Thursday, 21 September 2023, 09:43 Last update: about 3 months ago

Anyone who has driven through St Andrew’s Road, or who as a pedestrian used the stretch that links the Regional Road with the Coast Road and vice-versa, has come across dangerous moments in the past few weeks, ever since the project to upgrade and widen the carriageway has started.

Drivers and pedestrians have experienced open trenches which are not marked, or not marked properly; makeshift walkways separated from the traffic by a flimsy plastic fence; plastic barriers which obstruct, rather than guide, the traffic; road markings in yellow which create more confusion; traffic islands which were first painted and then later removed, creating an uneven surface of cement; road machinery suddenly appearing to block the flow; endless traffic jams on the northbound section, especially when buses are picking up, disembarking passengers on a single-lane stretch where overtaking is not possible because of bollards; and other factors which have made this frequented part of the road network extremely dangerous.


For example, drivers going round the bend as they arrive from Bahar ic-Caghaq have found an arrow sign jutting out on the inner lane, forcing them to either make a sudden brake or move onto the outer lane, hoping no other cars are coming through at the same time.

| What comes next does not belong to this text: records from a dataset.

text \<open>Subadditivity: insert \<open>b\<close> into a partition of \<open>[a, c]\<close>, by induction on its length.\<close>

lemma variation_sums_le_split:
  assumes bdd: "bdd_above (variation_sums h a c)" and "a \<le> b" "b \<le> c"
    and "s \<in> variation_sums h a c"
  shows "s \<le> total_variation h a b + total_variation h b c"
proof -
  obtain t n where t: "s = (\<Sum>i<n. \<bar>h (t (Suc i)) - h (t i)\<bar>)" "t 0 = a" "t n = c"
    and t_mono: "\<forall>i<n. t i \<le> t (Suc i)"
    using assms(4) unfolding variation_sums_def by blast
  have t_mono_le: "t i \<le> t j" if "i \<le> j" "j \<le> n" for i j
    by (rule lift_Suc_mono_le_ivl[where N = "{..<n}"]) (use t_mono that in auto)
  have bdd': "bdd_above (variation_sums h u v)" if "a \<le> u" "u \<le> v" "v \<le> t m" "m \<le> n" for u v m
    using bdd_above_variation_sums_subinterval[OF bdd] that t_mono_le[of m n] t(3) by auto
  have "(\<Sum>i<m. \<bar>h (t (Suc i)) - h (t i)\<bar>) \<le> total_variation h a b + total_variation h b (t m)"
    if "m \<le> n" "b \<le> t m" for m
    using that
  proof (induction m)
    case 0
    then have "b = a" using t(2) \<open>a \<le> b\<close> by simp
    then show ?case using t(2) by (simp add: total_variation_refl)
  next
    case (Suc m)
    let ?c = "t (Suc m)" and ?c' = "t m"
    have "a \<le> ?c'" "?c' \<le> ?c" using t_mono_le[of 0 m] t_mono_le[of m "Suc m"] t(2) Suc.prems by auto
    show ?case
    proof (cases "b \<le> ?c'")
      case True
      then show ?thesis
        using Suc total_variation_extend[of b ?c' ?c h] bdd'[of b ?c "Suc m"] \<open>?c' \<le> ?c\<close> \<open>a \<le> b\<close>
        by simp
    next
      case False
      have "(\<Sum>i<m. \<bar>h (t (Suc i)) - h (t i)\<bar>) \<in> variation_sums h a ?c'"
        unfolding variation_sums_def
        by (intro CollectI exI[of _ t] exI[of _ m]) (use t(2) t_mono Suc.prems in auto)
      then have "(\<Sum>i<m. \<bar>h (t (Suc i)) - h (t i)\<bar>) \<le> total_variation h a ?c'"
        unfolding total_variation_eq_Sup
        using \<open>a \<le> ?c'\<close> Suc.prems by (intro cSup_upper bdd'[of _ _ m]) auto
      moreover have "total_variation h a ?c' + \<bar>h b - h ?c'\<bar> \<le> total_variation h a b"
        using \<open>a \<le> ?c'\<close> False Suc.prems by (intro total_variation_extend bdd'[of _ _ "Suc m"]) auto
      moreover have "\<bar>h ?c - h b\<bar> \<le> total_variation h b ?c"
        using \<open>a \<le> b\<close> Suc.prems by (intro abs_diff_le_total_variation bdd'[of _ _ "Suc m"]) auto
      moreover have "\<bar>h ?c - h ?c'\<bar> \<le> \<bar>h b - h ?c'\<bar> + \<bar>h ?c - h b\<bar>" by linarith
      ultimately show ?thesis by simp
    qed
  qed
  from this[of n] show ?thesis using t(1,3) \<open>b \<le> c\<close> by simp
qed

lemma total_variation_add:
  assumes "a \<le> b" "b \<le> c" "bdd_above (variation_sums h a c)"
  shows "total_variation h a c = total_variation h a b + total_variation h b c"
proof (rule antisym)
  show "total_variation h a c \<le> total_variation h a b + total_variation h b c"
    unfolding total_variation_eq_Sup[of h a c]
    using assms by (intro cSup_least variation_sums_nonempty variation_sums_le_split) auto
qed (rule total_variation_superadditive[OF assms])

lemma l1_lipschitz_imp_continuous_on:
  fixes g :: "real \<times> real \<Rightarrow> real"
  assumes "\<And>p q. p \<in> S \<Longrightarrow> q \<in> S \<Longrightarrow> \<bar>g p - g q\<bar> \<le> L * (\<bar>fst p - fst q\<bar> + \<bar>snd p - snd q\<bar>)"
    and "0 \<le> L"
  shows "continuous_on S g"
proof (rule lipschitz_on_continuous_on)
  show "(2 * L)-lipschitz_on S g"
  proof (rule lipschitz_onI)
    fix p q assume pq: "p \<in> S" "q \<in> S"
    have "\<bar>fst p - fst q\<bar> \<le> dist p q" "\<bar>snd p - snd q\<bar> \<le> dist p q"
      using dist_fst_le[of p q] dist_snd_le[of p q] by (simp_all add: dist_real_def)
    then have "L * (\<bar>fst p - fst q\<bar> + \<bar>snd p - snd q\<bar>) \<le> L * (2 * dist p q)"
      using assms(2) by (intro mult_left_mono) auto
    then show "dist (g p) (g q) \<le> 2 * L * dist p q"
      using assms(1)[OF pq] by (simp add: dist_real_def)
  qed (use assms(2) in simp)
qed

definition triangle :: "(real \<times> real) set" where
  "triangle = {(x, y). 0 \<le> x \<and> x \<le> y \<and> y \<le> 1}"

lemma compact_triangle: "compact triangle"
proof -
  have "triangle = ({0..1} \<times> {0..1}) \<inter> {p. fst p \<le> snd p}"
    unfolding triangle_def by auto
  moreover have "closed {p :: real \<times> real. fst p \<le> snd p}"
    by (intro closed_Collect_le continuous_intros)
  ultimately show ?thesis
    using compact_Int_closed[OF compact_Times[OF compact_Icc compact_Icc]] by metis
qed

section \<open>Copulas\<close>

definition rect_volume :: "(real \<Rightarrow> real \<Rightarrow> real) \<Rightarrow> real \<Rightarrow> real \<Rightarrow> real \<Rightarrow> real \<Rightarrow> real" where
  "rect_volume C a b c d = C b d + C a c - C b c - C a d"

lemma rect_volume_degenerate [simp]: "rect_volume C a a c d = 0" "rect_volume C a b c c = 0"
  unfolding rect_volume_def by simp_all

lemma copula_rect_volume_nonneg:
  assumes "is_copula C" "a \<in> {0..1}" "b \<in> {0..1}" "c \<in> {0..1}" "d \<in> {0..1}" "a \<le> b" "c \<le> d"
  shows "0 \<le> rect_volume C a b c d"
  using assms unfolding is_copula_def rect_volume_def by blast

lemma copula_boundary:
  assumes "is_copula C" "x \<in> {0..1}"
  shows "C x 0 = 0" "C 0 x = 0" "C x 1 = x" "C 1 x = x"
  using assms unfolding is_copula_def by blast+

lemma is_copulaI:
  assumes boundary: "\<And>x. x \<in> {0..1} \<Longrightarrow> C x 0 = 0 \<and> C 0 x = 0 \<and> C x 1 = x \<and> C 1 x = x"
    and volume: "\<And>a b c d. a \<in> {0..1} \<Longrightarrow> b \<in> {0..1} \<Longrightarrow> c \<in> {0..1} \<Longrightarrow> d \<in> {0..1} \<Longrightarrow>
      a \<le> b \<Longrightarrow> c \<le> d \<Longrightarrow> 0 \<le> rect_volume C a b c d"
  shows "is_copula C"
proof -
  have "C x y \<in> {0..1}" if "x \<in> {0..1}" "y \<in> {0..1}" for x y
    using volume[of 0 x 0 y] volume[of 0 x y 1] boundary that
    unfolding rect_volume_def by auto
  then show ?thesis
    using boundary volume unfolding is_copula_def rect_volume_def by blast
qed

lemma copula_transpose:
  assumes "is_copula C"
  shows "is_copula (\<lambda>x y. C y x)"
proof (rule is_copulaI)
  show "C 0 x = 0 \<and> C x 0 = 0 \<and> C 1 x = x \<and> C x 1 = x" if "x \<in> {0..1}" for x
    using copula_boundary[OF assms that] by blast
  show "0 \<le> rect_volume (\<lambda>x y. C y x) a b c d"
    if "a \<in> {0..1}" "b \<in> {0..1}" "c \<in> {0..1}" "d \<in> {0..1}" "a \<le> b" "c \<le> d" for a b c d
    using copula_rect_volume_nonneg[OF assms, of c d a b] that unfolding rect_volume_def by simp
qed

lemma copula_le_left:
  assumes "is_copula C" "x \<in> {0..1}" "y \<in> {0..1}"
  shows "C x y \<le> x"
  using copula_rect_volume_nonneg[OF assms(1), of 0 x y 1] copula_boundary[OF assms(1)] assms(2,3)
  unfolding rect_volume_def by auto

text \<open>Cut a general rectangle into nine cells along the diagonal square it contains.\<close>

lemma rect_volume_nonneg_of_cells:
  assumes cell: "\<And>u1 u2 v1 v2. 0 \<le> u1 \<Longrightarrow> u1 \<le> u2 \<Longrightarrow> u2 \<le> 1 \<Longrightarrow> 0 \<le> v1 \<Longrightarrow> v1 \<le> v2 \<Longrightarrow> v2 \<le> 1 \<Longrightarrow>
      u2 \<le> v1 \<or> v2 \<le> u1 \<or> (u1 = v1 \<and> u2 = v2) \<Longrightarrow> 0 \<le> rect_volume K u1 u2 v1 v2"
    and "a \<in> {0..1}" "b \<in> {0..1}" "c \<in> {0..1}" "d \<in> {0..1}" "a \<le> b" "c \<le> d"
  shows "0 \<le> rect_volume K a b c d"
proof (cases "b \<le> c \<or> d \<le> a")
  case True
  then show ?thesis using cell assms by auto
next
  case False
  define p where "p = max a c"
  define q where "q = min b d"
  have pq: "a \<le> p" "c \<le> p" "p \<le> q" "q \<le> b" "q \<le> d" "p = a \<or> p = c" "q = b \<or> q = d"
    using False assms unfolding p_def q_def by auto
  have "rect_volume K a b c d =
      (rect_volume K a p c p + rect_volume K a p p q + rect_volume K a p q d)
    + (rect_volume K p q c p + rect_volume K p q p q + rect_volume K p q q d)
    + (rect_volume K q b c p + rect_volume K q b p q + rect_volume K q b q d)"
    unfolding rect_volume_def by simp
  moreover have "0 \<le> rect_volume K a p c p" "0 \<le> rect_volume K q b q d"
    using pq by auto
  moreover have "0 \<le> rect_volume K a p p q" "0 \<le> rect_volume K a p q d" "0 \<le> rect_volume K p q q d"
    using pq assms by (auto intro: cell)
  moreover have "0 \<le> rect_volume K p q c p" "0 \<le> rect_volume K q b c p" "0 \<le> rect_volume K q b p q"
    using pq assms by (auto intro: cell)
  moreover have "0 \<le> rect_volume K p q p q"
    using pq assms by (auto intro: cell)
  ultimately show ?thesis by linarith
qed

The area is even more hazardous at night-time. The road is not well-lit and neither are the barriers that delineate the improvised routes, which have become zig-zags rather than straight driving.

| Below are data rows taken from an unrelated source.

(* Let $p$ be an odd prime and let $\zeta\in\mathbb{Z}_p$ be such that $-\zeta$ is not a square modulo $p$. Let $\alpha,\beta,\gamma\in\mathbb{Z}_p$ and let $k\ge0$ be an integer such that: - $p^k\mid\alpha$ and $p^k\mid(\beta-\gamma)$; - $p^{k+1}\nmid\alpha$ or $p^{k+1}\nmid(\beta-\gamma)$. Let $$f(x)=(x^2+p\alpha x+p\beta+\zeta)(x^2-p\alpha x+p\gamma+\zeta).$$ Then every monic degree-$4$ polynomial $g\in\mathbb{Z}_p[x]$ with $g\equiv f\pmod{p^{2k+3}}$ (coefficientwise) is reducible in $\mathbb{Z}_p[x]$.
   Context: Reducible means it can be written as a product of two nonconstant polynomials in $\mathbb{Z}_p[x]$. *)

theory Defs
  imports "HOL-Computational_Algebra.Polynomial" "HOL-Computational_Algebra.Primes" "HOL-Library.Cardinality"
begin

text \<open>The prime p is encoded as the cardinality of a type of class prime_base.
  The p-adic integers are the inverse limit of the rings Z/p^n Z, represented by
  compatible sequences of canonical residues.\<close>

class prime_base = assumes prime_base: "prime (CARD('a))"


typedef ('p::prime_base) padic =
  "{f :: nat \<Rightarrow> int. \<forall>n. f n = f (Suc n) mod (int CARD('p)) ^ n}"
  by (rule exI[of _ "\<lambda>_. 0"]) simp

setup_lifting type_definition_padic

lemma padic_canon:
  assumes "\<forall>n. f n = f (Suc n) mod (int CARD('p::prime_base)) ^ n"
  shows "f n mod (int CARD('p)) ^ n = f n"
  using assms by (metis mod_mod_trivial)

lemma card_pos_pb: "(0::int) < int CARD('p::prime_base)"
  using prime_base[where 'a='p] prime_gt_0_nat by simp

lemma pow_dvd_Suc: "(m::int) ^ n dvd m ^ Suc n" by simp

lemma padic_compat:
  fixes M :: int
  assumes "\<And>a b c d m. a mod m = c mod m \<Longrightarrow> b mod m = d mod m \<Longrightarrow> op a b mod m = op c d mod m"
    and "\<And>n. f n = f (Suc n) mod M ^ n" and "\<And>n. g n = g (Suc n) mod M ^ n"
  shows "op (f n) (g n) mod M ^ n = op (f (Suc n)) (g (Suc n)) mod M ^ Suc n mod M ^ n"
proof -
  have "op (f (Suc n)) (g (Suc n)) mod M ^ Suc n mod M ^ n = op (f (Suc n)) (g (Suc n)) mod M ^ n"
    by (rule mod_mod_cancel) simp
  also have "\<dots> = op (f n) (g n) mod M ^ n"
    using assms(2,3) by (intro assms(1)) (metis mod_mod_trivial)+
  finally show ?thesis ..
qed

lemma mod_uminus_cong2: "(a::int) mod m = c mod m \<Longrightarrow> b mod m = d mod m \<Longrightarrow> (- a) mod m = (- c) mod m"
  by (rule mod_minus_cong)

lemma padic_compat1:
  fixes M :: int
  assumes "\<And>n. f n = f (Suc n) mod M ^ n"
  shows "(- f n) mod M ^ n = (- f (Suc n)) mod M ^ Suc n mod M ^ n"
proof -
  have "(- f (Suc n)) mod M ^ Suc n mod M ^ n = (- f (Suc n)) mod M ^ n"
    by (rule mod_mod_cancel) simp
  also have "\<dots> = (- f n) mod M ^ n"
    using assms[of n] by (metis mod_minus_cong mod_mod_trivial)
  finally show ?thesis ..
qed

instantiation padic :: (prime_base) comm_ring_1
begin

lift_definition zero_padic :: "'a padic" is "\<lambda>_. 0" by simp
lift_definition one_padic :: "'a padic" is "\<lambda>n. 1 mod (int CARD('a)) ^ n"
  by (simp add: mod_mod_cancel)
lift_definition plus_padic :: "'a padic \<Rightarrow> 'a padic \<Rightarrow> 'a padic"
  is "\<lambda>f g n. (f n + g n) mod (int CARD('a)) ^ n"
  by (rule padic_compat[OF mod_add_cong])
lift_definition uminus_padic :: "'a padic \<Rightarrow> 'a padic"
  is "\<lambda>f n. (- f n) mod (int CARD('a)) ^ n"
  by (rule padic_compat1)
lift_definition minus_padic :: "'a padic \<Rightarrow> 'a padic \<Rightarrow> 'a padic"
  is "\<lambda>f g n. (f n - g n) mod (int CARD('a)) ^ n"
  by (rule padic_compat[OF mod_diff_cong])
lift_definition times_padic :: "'a padic \<Rightarrow> 'a padic \<Rightarrow> 'a padic"
  is "\<lambda>f g n. (f n * g n) mod (int CARD('a)) ^ n"
  by (rule padic_compat[OF mod_mult_cong])

lemma Rep_padic_canon: "Rep_padic (a :: 'a padic) n mod (int CARD('a)) ^ n = Rep_padic a n"
  using Rep_padic[of a] by (metis (mono_tags, lifting) mem_Collect_eq mod_mod_trivial)

lemma padic_eqI: "(\<And>n. Rep_padic (a :: 'a padic) n = Rep_padic b n) \<Longrightarrow> a = b"
  by (metis Rep_padic_inject ext)

instance
proof
  fix a b c :: "'a padic"
  show "a * b * c = a * (b * c)"
    by (rule padic_eqI) (simp add: times_padic.rep_eq mod_mult_left_eq mod_mult_right_eq mult.assoc)
  show "a * b = b * a"
    by (rule padic_eqI) (simp add: times_padic.rep_eq mult.commute)
  show "1 * a = a"
    by (rule padic_eqI) (simp add: times_padic.rep_eq one_padic.rep_eq mod_mult_left_eq Rep_padic_canon)
  show "a + b + c = a + (b + c)"
    by (rule padic_eqI) (simp add: plus_padic.rep_eq mod_add_left_eq mod_add_right_eq add.assoc)
  show "a + b = b + a"
    by (rule padic_eqI) (simp add: plus_padic.rep_eq add.commute)
  show "0 + a = a"
    by (rule padic_eqI) (simp add: plus_padic.rep_eq zero_padic.rep_eq Rep_padic_canon)
  show "- a + a = 0"
    by (rule padic_eqI) (simp add: plus_padic.rep_eq uminus_padic.rep_eq zero_padic.rep_eq mod_add_left_eq)
  show "a - b = a + - b"
    by (rule padic_eqI) (simp add: plus_padic.rep_eq uminus_padic.rep_eq minus_padic.rep_eq mod_add_right_eq)
  show "(a + b) * c = a * c + b * c"
    by (rule padic_eqI) (simp add: plus_padic.rep_eq times_padic.rep_eq mod_mult_left_eq mod_add_eq distrib_right)
  show "(0::'a padic) \<noteq> 1"
  proof
    assume "(0::'a padic) = 1"
    then have "Rep_padic (0::'a padic) 1 = Rep_padic (1::'a padic) 1" by simp
    moreover have "1 < int CARD('a)"
      using prime_base[where 'a='a] prime_gt_1_nat by simp
    ultimately show False by (simp add: zero_padic.rep_eq one_padic.rep_eq)
  qed
qed

end

definition reducible_poly :: "'a::comm_ring_1 poly \<Rightarrow> bool" where
  "reducible_poly g \<longleftrightarrow> (\<exists>a b. degree a \<ge> 1 \<and> degree b \<ge> 1 \<and> g = a * b)"

end

theory Submission
  imports Defs
begin

(* Write the quartic as F0 G0 with F0 = x^2 + p alpha x + p beta + zeta and
   G0 = x^2 - p alpha x + p gamma + zeta, and put alpha = p^k a, beta - gamma = p^k b. Then
   F0 - G0 = p^(k+1) (2 a x + b), and the resultant of G0 and 2 a x + b is b^2 + 4 zeta a^2 modulo p,
   a unit because -zeta is not a square mod p and p does not divide both a and b. So although the
   resultant of F0 and G0 has valuation 2k+2, p^(k+1) times any cubic is U G0 + V F0 with U, V
   linear. This is what makes Newton's iteration work from precision 2k+3 on: a factorisation of g
   modulo p^m, m >= 2k+3, is corrected by multiples of p^(m-k-1) to one modulo p^(m+1), and the
   limits of the corrections in Z_p give an exact factorisation of g into two monic quadratics. *)

section \<open>Divisibility and limits in the p-adic integers\<close>

abbreviation padic_p :: "'p::prime_base padic" where
  "padic_p \<equiv> of_nat CARD('p)"

lemma Rep_padic_of_int: "Rep_padic (of_int z :: 'p::prime_base padic) n = z mod int CARD('p) ^ n"
proof (induction z rule: int_induct[where k = 0])
  case base
  show ?case by (simp add: zero_padic.rep_eq)
next
  case (step1 i)
  then show ?case by (simp add: plus_padic.rep_eq one_padic.rep_eq mod_add_eq)
next
  case (step2 i)
  then show ?case by (simp add: minus_padic.rep_eq one_padic.rep_eq mod_diff_eq)
qed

At peak hours, the traffic flow is at a snail’s pace, and this is happening when schools have not yet started. One wonders what is going to happen as from next week, given that the road in question feeds into Pembroke where there is a concentration of public and private schools, all of which are served by coaches and minibuses that will, no doubt, add to the traffic frustrations. Not to mention the many parents who like to take their children to school in their own cars.

We understand that road works need to be carried out. The idea, after all, is to have an upgraded stretch which, once completed, will hopefully lead to a more efficient system.

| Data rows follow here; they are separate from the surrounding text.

text \<open>Under \<open>H\<^sub>l\<^sup>K\<close>, an event \<open>B\<^sub>m\<close> with \<open>m \<noteq> m0\<close> either has \<open>|m| > K\<close>, or it rules out a
  match \<open>m' \<subseteq> m0\<close> with \<open>|m'| = |m|\<close>, \<open>m' \<noteq> m\<close>, which forces \<open>S\<^sub>m\<^sub>' > \<lambda>\<^sub>2\<close>; but \<open>S\<^sub>m\<^sub>'\<close> is
  at most the exponent \<open>E\<close> of the types, as \<open>P\<close> and \<open>Q\<close> agree along \<open>m'\<close>.\<close>
lemma min_Gexp_le_Eexp_if_B_event:
  fixes P Q :: "nat \<Rightarrow> 'a::finite \<Rightarrow> real"
  assumes n: "0 < n1" "0 < n2" and ab: "0 < \<alpha>" "0 < \<beta>"
    and h: "(P, Q) \<in> hyp_class M1 M2 m0" and m0: "m0 \<in> matches M1 M2"
    and m: "m \<in> matches M1 M2" "m \<noteq> m0" and B: "B_event M1 M2 n1 n2 \<alpha> \<beta> l1 l2 m x y"
  shows "min (Gexp l1 M1 M2 (card m0) P Q \<alpha> \<beta>) (ereal l2)
    \<le> Eexp M1 M2 P Q (\<lambda>i. etype n1 (x i)) (\<lambda>j. etype n2 (y j)) \<alpha> \<beta>"
proof -
  define \<Omega> where "\<Omega> = (\<lambda>i. etype n1 (x i))"
  define \<Psi> where "\<Psi> = (\<lambda>j. etype n2 (y j))"
  have d: "dists M1 \<Omega>" "dists M2 \<Psi>" using n by (auto simp: \<Omega>_def \<Psi>_def dists_etypes)
  have lam2: "ereal l2 \<le> Eexp M1 M2 P Q \<Omega> \<Psi> \<alpha> \<beta>"
    if "m' \<in> matches M1 M2" "card m' = card m" "m' \<noteq> m" "m' \<subseteq> m0" for m'
  proof -
    have "ereal l2 < Gm m' \<Omega> \<Psi> \<alpha> \<beta>" using B that by (auto simp: B_event_def Sm_def \<Omega>_def \<Psi>_def)
    also have "\<dots> \<le> Eexp M1 M2 P Q \<Omega> \<Psi> \<alpha> \<beta>" by (rule Gm_le_Eexp_if_submatch[OF h m0 that(4) d ab])
    finally show ?thesis by simp
  qed
  consider "card m0 < card m" | "card m = card m0" | "card m < card m0" by linarith
  then have "Gexp l1 M1 M2 (card m0) P Q \<alpha> \<beta> \<le> Eexp M1 M2 P Q \<Omega> \<Psi> \<alpha> \<beta>
      \<or> ereal l2 \<le> Eexp M1 M2 P Q \<Omega> \<Psi> \<alpha> \<beta>"
  proof cases
    case 1
    have "Gm m \<Omega> \<Psi> \<alpha> \<beta> \<le> ereal l1" using B by (simp add: B_event_def Sm_def \<Omega>_def \<Psi>_def)
    then have "Gexp l1 M1 M2 (card m0) P Q \<alpha> \<beta> \<le> Eexp M1 M2 P Q \<Omega> \<Psi> \<alpha> \<beta>"
      unfolding Gexp_def by (intro INF_lower2[where i="(m, \<Omega>, \<Psi>)"]) (use m d 1 in auto)
    then show ?thesis ..
  next
    case 2
    then show ?thesis using lam2[OF m0] m(2) by auto
  next
    case 3
    then show ?thesis using exists_other_submatch[OF m0 m(1)] lam2 by blast
  qed
  then show ?thesis unfolding \<Omega>_def \<Psi>_def by (auto simp: min_le_iff_disj)
qed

But why do the authorities – in this case Infrastructure Malta, with the assistance of Transport Malta – give so little regard to safety while planned projects are taking place?

The St Andrew’s Road Project has been on the cards for years. A sign on the side of the road indicates that the application was filed in 2019. So the authorities had ample time in which to prepare a safer journey for both drivers and pedestrians while the work is being done. And yet, it is easy to see that this has been given little consideration, if at all.

Frequent users of the road have noticed that minor collisions are more common these days, and these add to the traffic woes. So far, we have been spared major accidents and we sincerely hope that none will be reported for the duration of the works and beyond.

But why do we leave everything to chance?

We also hope that all the millions of euros that will be spent on the project will not be in vain. Because it is pointless to spend so much money on a road-widening project and then have people parking their cars on the inner lane to go buy cheesecakes, or vans, trucks and trailers blocking lanes to deliver goods.